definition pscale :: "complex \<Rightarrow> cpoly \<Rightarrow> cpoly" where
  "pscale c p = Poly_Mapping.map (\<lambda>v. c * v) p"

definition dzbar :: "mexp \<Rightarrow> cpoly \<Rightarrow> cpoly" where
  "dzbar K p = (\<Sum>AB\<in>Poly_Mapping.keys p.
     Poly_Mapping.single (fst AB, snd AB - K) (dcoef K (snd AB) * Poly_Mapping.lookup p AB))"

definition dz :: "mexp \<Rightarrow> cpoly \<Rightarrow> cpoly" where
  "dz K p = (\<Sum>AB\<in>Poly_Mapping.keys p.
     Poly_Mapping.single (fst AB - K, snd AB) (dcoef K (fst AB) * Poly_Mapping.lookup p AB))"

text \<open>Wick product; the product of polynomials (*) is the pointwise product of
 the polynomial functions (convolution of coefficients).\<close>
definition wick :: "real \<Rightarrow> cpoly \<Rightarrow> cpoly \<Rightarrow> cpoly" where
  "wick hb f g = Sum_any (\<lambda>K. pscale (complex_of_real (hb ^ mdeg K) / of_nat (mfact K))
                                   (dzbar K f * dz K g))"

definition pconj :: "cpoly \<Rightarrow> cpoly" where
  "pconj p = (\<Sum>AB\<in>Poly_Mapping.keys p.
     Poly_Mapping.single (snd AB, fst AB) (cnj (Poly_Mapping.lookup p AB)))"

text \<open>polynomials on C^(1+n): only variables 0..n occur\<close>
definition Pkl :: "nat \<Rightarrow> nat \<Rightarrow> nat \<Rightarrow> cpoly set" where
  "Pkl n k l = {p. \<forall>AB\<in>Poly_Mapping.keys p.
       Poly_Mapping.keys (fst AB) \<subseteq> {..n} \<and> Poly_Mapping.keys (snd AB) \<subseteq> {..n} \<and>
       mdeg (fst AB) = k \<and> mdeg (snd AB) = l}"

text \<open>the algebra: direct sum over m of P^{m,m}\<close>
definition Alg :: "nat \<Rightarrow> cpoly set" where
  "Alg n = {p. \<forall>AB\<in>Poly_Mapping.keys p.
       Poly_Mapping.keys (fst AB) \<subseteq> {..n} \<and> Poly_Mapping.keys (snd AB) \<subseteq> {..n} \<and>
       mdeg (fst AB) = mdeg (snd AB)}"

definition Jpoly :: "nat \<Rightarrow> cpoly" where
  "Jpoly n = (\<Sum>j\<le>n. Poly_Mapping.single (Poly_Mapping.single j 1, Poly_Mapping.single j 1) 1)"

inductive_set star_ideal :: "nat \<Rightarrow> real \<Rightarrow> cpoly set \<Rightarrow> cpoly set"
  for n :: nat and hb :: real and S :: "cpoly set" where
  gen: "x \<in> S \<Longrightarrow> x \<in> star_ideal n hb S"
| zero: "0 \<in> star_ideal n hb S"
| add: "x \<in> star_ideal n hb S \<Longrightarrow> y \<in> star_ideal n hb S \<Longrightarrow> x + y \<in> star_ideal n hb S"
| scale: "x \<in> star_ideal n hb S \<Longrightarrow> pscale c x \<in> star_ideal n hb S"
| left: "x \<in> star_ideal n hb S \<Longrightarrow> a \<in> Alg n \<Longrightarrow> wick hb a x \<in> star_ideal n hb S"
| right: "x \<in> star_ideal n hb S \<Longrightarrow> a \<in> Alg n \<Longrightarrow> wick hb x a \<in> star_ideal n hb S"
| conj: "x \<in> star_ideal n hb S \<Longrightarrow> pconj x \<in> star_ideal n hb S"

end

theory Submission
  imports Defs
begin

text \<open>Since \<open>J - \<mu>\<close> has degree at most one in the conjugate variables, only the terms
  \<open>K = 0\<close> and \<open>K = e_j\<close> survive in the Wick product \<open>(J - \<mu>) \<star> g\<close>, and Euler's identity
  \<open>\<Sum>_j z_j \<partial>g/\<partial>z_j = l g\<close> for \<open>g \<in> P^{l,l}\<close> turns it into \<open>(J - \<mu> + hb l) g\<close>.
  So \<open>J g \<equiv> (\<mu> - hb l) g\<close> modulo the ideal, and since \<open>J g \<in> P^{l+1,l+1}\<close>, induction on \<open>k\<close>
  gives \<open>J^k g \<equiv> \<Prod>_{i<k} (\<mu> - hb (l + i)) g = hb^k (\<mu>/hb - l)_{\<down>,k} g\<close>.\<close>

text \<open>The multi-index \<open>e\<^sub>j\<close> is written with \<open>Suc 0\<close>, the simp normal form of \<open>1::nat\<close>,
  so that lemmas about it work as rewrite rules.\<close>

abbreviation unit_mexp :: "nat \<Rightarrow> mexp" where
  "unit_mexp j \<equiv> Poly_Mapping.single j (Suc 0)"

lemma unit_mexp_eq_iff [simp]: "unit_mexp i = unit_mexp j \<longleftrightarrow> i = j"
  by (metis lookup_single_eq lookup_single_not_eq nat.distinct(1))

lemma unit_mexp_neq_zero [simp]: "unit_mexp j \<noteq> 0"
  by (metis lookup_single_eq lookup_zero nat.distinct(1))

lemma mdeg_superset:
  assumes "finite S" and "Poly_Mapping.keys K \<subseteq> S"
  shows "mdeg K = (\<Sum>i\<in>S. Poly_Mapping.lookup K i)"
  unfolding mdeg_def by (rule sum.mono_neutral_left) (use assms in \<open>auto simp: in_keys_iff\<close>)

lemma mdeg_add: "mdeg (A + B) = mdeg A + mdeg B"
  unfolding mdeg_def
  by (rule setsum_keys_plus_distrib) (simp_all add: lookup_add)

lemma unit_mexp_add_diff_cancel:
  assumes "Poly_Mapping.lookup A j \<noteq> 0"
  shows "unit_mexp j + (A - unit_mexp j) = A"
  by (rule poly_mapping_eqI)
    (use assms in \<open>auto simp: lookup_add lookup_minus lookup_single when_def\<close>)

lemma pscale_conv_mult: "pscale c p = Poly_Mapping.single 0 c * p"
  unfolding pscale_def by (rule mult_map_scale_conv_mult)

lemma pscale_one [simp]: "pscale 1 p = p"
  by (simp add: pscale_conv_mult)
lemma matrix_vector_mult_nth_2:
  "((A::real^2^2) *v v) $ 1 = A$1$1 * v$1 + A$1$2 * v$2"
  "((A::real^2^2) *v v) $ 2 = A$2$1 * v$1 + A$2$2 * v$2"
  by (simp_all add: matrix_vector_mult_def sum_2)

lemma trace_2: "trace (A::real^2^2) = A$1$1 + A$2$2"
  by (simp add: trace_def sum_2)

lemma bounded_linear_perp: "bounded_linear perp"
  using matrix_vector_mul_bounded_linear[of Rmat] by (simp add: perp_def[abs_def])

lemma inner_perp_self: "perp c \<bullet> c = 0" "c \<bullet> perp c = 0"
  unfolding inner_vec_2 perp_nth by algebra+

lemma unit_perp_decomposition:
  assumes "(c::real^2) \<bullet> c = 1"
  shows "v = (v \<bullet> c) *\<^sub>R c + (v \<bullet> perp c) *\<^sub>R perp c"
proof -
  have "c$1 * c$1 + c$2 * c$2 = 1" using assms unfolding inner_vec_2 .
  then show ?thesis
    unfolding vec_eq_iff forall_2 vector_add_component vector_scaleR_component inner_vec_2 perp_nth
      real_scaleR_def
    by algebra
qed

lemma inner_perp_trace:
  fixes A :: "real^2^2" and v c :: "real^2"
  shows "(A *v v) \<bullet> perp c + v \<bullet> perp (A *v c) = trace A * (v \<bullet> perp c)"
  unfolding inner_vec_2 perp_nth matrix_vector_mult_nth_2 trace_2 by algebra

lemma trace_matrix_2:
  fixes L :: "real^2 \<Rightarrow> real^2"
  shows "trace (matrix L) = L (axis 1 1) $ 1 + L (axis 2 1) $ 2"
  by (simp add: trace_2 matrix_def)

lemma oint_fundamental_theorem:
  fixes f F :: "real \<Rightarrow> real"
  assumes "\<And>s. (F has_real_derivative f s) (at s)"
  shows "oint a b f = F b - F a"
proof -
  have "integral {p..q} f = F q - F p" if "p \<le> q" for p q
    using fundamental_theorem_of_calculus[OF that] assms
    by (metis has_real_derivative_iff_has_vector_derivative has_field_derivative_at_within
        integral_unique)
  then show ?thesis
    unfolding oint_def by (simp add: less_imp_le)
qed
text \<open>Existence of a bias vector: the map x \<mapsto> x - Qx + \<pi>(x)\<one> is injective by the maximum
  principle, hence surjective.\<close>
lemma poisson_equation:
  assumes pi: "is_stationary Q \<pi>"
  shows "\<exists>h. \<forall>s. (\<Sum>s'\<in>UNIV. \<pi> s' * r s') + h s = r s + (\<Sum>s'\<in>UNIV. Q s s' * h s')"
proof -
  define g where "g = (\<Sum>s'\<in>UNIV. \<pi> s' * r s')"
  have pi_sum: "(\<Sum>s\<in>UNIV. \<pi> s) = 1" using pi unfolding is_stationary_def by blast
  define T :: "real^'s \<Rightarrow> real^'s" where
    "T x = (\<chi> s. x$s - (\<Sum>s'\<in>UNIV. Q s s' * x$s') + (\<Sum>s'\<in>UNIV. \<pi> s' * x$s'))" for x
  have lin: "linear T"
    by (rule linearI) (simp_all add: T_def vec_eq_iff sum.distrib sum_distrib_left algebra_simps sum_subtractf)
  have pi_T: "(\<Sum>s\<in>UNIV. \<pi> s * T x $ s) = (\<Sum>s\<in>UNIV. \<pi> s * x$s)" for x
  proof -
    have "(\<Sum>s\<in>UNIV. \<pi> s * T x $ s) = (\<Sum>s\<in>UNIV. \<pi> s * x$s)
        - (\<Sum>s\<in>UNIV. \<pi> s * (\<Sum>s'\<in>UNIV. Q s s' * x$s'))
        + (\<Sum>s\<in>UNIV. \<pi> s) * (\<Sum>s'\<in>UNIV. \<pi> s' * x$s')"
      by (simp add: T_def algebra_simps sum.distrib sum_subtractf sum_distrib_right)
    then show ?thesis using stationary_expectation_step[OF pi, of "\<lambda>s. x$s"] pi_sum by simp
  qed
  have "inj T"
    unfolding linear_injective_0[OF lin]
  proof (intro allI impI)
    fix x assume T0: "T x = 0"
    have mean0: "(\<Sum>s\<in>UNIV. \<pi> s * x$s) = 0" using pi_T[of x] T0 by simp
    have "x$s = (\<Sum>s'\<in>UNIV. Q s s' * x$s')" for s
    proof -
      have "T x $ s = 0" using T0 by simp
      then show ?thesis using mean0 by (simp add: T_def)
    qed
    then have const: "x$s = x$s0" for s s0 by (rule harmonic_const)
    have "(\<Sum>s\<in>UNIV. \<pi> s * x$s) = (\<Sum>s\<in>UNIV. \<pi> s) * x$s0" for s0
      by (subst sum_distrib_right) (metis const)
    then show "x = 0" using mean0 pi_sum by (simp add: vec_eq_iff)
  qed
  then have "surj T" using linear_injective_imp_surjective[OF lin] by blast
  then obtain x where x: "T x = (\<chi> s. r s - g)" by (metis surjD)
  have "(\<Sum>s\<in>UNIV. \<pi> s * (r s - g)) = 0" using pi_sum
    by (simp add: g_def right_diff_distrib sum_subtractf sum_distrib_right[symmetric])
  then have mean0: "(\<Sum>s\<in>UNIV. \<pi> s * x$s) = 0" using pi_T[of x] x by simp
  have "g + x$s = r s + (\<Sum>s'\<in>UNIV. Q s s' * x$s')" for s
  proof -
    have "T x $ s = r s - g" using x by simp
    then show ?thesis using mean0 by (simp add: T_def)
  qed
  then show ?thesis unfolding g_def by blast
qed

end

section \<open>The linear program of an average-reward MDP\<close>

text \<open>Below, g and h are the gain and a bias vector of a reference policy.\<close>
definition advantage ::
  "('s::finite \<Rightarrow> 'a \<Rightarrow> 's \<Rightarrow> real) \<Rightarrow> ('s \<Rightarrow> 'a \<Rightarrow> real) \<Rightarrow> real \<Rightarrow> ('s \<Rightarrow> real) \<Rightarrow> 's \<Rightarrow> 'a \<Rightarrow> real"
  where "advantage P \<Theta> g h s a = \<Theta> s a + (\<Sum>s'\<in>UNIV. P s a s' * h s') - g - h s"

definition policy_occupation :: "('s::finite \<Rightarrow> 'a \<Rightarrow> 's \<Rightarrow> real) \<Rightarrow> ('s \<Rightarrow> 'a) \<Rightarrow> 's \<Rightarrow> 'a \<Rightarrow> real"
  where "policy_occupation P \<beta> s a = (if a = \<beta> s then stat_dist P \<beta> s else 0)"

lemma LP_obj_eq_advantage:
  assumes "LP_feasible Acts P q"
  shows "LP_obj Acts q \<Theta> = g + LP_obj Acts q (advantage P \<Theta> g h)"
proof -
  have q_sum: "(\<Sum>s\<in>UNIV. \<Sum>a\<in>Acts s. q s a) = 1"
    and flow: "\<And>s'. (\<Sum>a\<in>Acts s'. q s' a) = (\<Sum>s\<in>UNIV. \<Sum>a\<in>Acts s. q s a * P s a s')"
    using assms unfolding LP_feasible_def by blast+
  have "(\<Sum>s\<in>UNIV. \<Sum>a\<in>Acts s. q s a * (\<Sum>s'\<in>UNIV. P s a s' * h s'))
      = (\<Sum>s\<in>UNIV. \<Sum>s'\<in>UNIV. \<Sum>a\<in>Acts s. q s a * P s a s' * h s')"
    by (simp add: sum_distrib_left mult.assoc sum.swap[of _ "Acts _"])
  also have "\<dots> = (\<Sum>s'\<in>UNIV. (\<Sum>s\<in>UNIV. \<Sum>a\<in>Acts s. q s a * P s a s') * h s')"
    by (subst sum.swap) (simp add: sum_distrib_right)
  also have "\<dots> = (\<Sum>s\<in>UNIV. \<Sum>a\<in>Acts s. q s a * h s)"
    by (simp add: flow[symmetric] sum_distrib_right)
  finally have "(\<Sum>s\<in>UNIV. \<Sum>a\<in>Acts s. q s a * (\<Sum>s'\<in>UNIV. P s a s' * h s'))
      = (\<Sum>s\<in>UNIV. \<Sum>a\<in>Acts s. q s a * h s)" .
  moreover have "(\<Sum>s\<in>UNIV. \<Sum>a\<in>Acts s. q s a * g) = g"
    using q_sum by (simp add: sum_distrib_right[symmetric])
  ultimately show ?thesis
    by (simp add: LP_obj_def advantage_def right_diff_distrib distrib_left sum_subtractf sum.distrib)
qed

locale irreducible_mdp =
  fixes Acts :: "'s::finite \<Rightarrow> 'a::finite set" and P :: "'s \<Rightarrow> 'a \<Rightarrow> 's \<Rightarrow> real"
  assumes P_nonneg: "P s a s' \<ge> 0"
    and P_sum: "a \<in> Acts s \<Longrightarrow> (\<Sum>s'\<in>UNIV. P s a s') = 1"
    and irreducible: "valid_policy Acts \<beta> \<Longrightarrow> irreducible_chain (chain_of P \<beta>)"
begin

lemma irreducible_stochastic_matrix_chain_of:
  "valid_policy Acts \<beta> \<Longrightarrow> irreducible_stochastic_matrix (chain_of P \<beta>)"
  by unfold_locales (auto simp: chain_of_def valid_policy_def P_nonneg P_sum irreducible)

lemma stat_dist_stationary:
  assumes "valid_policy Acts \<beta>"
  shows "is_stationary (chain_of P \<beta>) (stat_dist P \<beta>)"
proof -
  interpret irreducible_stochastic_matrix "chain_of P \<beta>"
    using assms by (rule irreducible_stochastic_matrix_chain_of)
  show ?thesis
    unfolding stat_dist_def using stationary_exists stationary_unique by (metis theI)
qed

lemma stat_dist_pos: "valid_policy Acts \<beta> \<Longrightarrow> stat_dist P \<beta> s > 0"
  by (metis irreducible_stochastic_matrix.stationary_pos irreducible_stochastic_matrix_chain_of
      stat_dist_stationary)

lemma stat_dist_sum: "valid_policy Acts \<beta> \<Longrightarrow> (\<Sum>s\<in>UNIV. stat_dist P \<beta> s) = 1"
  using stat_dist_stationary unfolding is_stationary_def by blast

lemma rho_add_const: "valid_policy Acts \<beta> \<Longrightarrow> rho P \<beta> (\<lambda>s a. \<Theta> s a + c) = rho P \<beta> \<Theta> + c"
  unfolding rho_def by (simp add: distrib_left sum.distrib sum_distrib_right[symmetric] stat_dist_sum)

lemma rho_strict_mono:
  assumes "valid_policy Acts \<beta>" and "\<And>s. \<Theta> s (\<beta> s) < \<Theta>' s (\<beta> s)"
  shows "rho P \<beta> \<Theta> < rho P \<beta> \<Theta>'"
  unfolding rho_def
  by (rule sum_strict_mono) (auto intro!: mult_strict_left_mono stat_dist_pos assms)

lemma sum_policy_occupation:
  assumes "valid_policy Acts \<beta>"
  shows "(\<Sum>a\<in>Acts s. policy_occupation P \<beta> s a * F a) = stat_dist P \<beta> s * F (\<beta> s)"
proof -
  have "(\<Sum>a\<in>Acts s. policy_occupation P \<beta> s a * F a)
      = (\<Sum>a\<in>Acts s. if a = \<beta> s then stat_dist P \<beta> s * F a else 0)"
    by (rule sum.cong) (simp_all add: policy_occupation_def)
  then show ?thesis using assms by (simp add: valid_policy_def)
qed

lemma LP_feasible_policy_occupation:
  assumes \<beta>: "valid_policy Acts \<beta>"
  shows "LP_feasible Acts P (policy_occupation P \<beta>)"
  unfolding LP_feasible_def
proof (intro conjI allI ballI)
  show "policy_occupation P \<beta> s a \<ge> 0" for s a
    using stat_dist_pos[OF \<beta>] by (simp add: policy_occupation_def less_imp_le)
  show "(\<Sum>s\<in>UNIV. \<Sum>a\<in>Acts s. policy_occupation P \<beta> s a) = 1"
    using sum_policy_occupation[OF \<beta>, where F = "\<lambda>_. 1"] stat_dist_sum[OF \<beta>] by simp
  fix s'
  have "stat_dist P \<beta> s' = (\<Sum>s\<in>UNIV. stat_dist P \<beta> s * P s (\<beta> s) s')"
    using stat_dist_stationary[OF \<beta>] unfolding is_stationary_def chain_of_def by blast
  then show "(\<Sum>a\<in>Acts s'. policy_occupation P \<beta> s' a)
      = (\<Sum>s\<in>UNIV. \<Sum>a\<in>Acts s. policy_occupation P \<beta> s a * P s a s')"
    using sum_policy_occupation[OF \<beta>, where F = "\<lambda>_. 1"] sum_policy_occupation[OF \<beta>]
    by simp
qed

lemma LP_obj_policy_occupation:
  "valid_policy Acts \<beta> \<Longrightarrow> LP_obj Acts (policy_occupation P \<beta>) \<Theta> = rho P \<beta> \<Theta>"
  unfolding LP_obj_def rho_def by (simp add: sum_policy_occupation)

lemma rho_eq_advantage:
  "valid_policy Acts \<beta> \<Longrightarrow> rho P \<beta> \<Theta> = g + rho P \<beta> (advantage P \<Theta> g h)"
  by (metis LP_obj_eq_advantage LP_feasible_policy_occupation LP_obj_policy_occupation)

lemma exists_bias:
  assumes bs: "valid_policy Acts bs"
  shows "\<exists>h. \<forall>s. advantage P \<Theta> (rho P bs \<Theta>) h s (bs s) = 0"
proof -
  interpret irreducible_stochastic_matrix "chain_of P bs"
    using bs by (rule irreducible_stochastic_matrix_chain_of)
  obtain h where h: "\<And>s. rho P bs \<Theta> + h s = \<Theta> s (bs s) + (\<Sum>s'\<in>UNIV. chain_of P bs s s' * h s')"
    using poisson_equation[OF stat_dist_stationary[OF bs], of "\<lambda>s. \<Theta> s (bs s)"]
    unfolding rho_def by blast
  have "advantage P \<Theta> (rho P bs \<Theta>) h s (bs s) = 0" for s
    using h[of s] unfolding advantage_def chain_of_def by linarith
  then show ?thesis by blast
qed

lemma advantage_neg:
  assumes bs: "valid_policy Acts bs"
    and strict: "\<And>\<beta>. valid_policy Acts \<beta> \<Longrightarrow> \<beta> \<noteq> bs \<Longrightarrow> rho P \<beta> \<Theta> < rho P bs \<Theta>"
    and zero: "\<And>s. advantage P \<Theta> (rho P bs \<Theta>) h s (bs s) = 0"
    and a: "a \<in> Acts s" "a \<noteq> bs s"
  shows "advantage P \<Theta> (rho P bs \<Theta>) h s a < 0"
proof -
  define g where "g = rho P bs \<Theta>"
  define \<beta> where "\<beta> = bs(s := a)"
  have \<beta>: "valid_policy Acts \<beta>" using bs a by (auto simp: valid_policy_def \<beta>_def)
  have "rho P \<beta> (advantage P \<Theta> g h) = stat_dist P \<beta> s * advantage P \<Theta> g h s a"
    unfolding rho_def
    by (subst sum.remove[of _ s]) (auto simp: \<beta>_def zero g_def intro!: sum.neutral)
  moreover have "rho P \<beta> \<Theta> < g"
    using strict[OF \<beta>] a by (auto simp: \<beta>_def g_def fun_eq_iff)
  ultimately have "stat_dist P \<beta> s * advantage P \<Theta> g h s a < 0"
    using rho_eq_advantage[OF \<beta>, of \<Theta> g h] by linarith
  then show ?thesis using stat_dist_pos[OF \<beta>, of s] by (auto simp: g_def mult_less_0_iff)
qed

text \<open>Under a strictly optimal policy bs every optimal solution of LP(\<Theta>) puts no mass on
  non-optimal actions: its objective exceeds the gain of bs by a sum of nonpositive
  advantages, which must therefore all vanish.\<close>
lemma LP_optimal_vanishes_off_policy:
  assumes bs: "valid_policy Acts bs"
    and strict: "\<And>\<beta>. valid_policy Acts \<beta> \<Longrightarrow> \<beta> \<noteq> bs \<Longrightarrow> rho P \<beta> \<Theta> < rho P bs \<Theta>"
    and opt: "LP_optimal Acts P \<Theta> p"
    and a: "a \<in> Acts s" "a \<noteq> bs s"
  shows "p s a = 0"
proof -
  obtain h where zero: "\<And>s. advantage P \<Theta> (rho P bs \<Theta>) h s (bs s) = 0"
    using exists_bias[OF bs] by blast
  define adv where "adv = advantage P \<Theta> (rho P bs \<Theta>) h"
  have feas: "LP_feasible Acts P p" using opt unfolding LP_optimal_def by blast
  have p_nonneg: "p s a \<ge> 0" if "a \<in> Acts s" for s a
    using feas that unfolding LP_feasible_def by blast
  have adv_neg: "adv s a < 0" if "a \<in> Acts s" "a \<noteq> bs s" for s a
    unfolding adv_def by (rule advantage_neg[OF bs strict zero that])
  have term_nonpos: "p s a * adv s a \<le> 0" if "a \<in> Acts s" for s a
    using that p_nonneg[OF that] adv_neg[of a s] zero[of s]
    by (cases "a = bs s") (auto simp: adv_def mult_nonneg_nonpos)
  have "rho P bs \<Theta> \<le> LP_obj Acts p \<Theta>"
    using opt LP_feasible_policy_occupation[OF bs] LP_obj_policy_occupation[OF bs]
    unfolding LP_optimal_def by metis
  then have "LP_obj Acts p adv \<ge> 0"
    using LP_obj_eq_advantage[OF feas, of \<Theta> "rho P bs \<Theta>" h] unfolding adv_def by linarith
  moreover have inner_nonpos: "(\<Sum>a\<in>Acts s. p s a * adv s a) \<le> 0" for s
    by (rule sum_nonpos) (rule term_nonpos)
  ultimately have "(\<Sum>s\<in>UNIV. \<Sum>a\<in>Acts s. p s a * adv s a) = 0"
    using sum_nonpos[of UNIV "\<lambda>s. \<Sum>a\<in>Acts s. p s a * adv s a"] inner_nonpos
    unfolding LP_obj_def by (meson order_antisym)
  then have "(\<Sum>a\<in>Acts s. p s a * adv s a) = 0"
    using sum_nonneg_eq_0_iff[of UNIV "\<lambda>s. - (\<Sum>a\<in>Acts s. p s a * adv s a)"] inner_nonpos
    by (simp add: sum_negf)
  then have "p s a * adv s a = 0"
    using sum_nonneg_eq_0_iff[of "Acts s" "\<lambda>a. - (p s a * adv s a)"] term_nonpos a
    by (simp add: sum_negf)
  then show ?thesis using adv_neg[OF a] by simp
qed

TASK DESCRIPTION >> Among the lines above, find the one with "using matrix_vector_mul_bounded_linear[of Rmat]" and the one with "real_scaleR_def". Quote both and everything between them, exactly.

ANSWER BOX >>
  using matrix_vector_mul_bounded_linear[of Rmat] by (simp add: perp_def[abs_def])

lemma inner_perp_self: "perp c \<bullet> c = 0" "c \<bullet> perp c = 0"
  unfolding inner_vec_2 perp_nth by algebra+

lemma unit_perp_decomposition:
  assumes "(c::real^2) \<bullet> c = 1"
  shows "v = (v \<bullet> c) *\<^sub>R c + (v \<bullet> perp c) *\<^sub>R perp c"
proof -
  have "c$1 * c$1 + c$2 * c$2 = 1" using assms unfolding inner_vec_2 .
  then show ?thesis
    unfolding vec_eq_iff forall_2 vector_add_component vector_scaleR_component inner_vec_2 perp_nth
      real_scaleR_def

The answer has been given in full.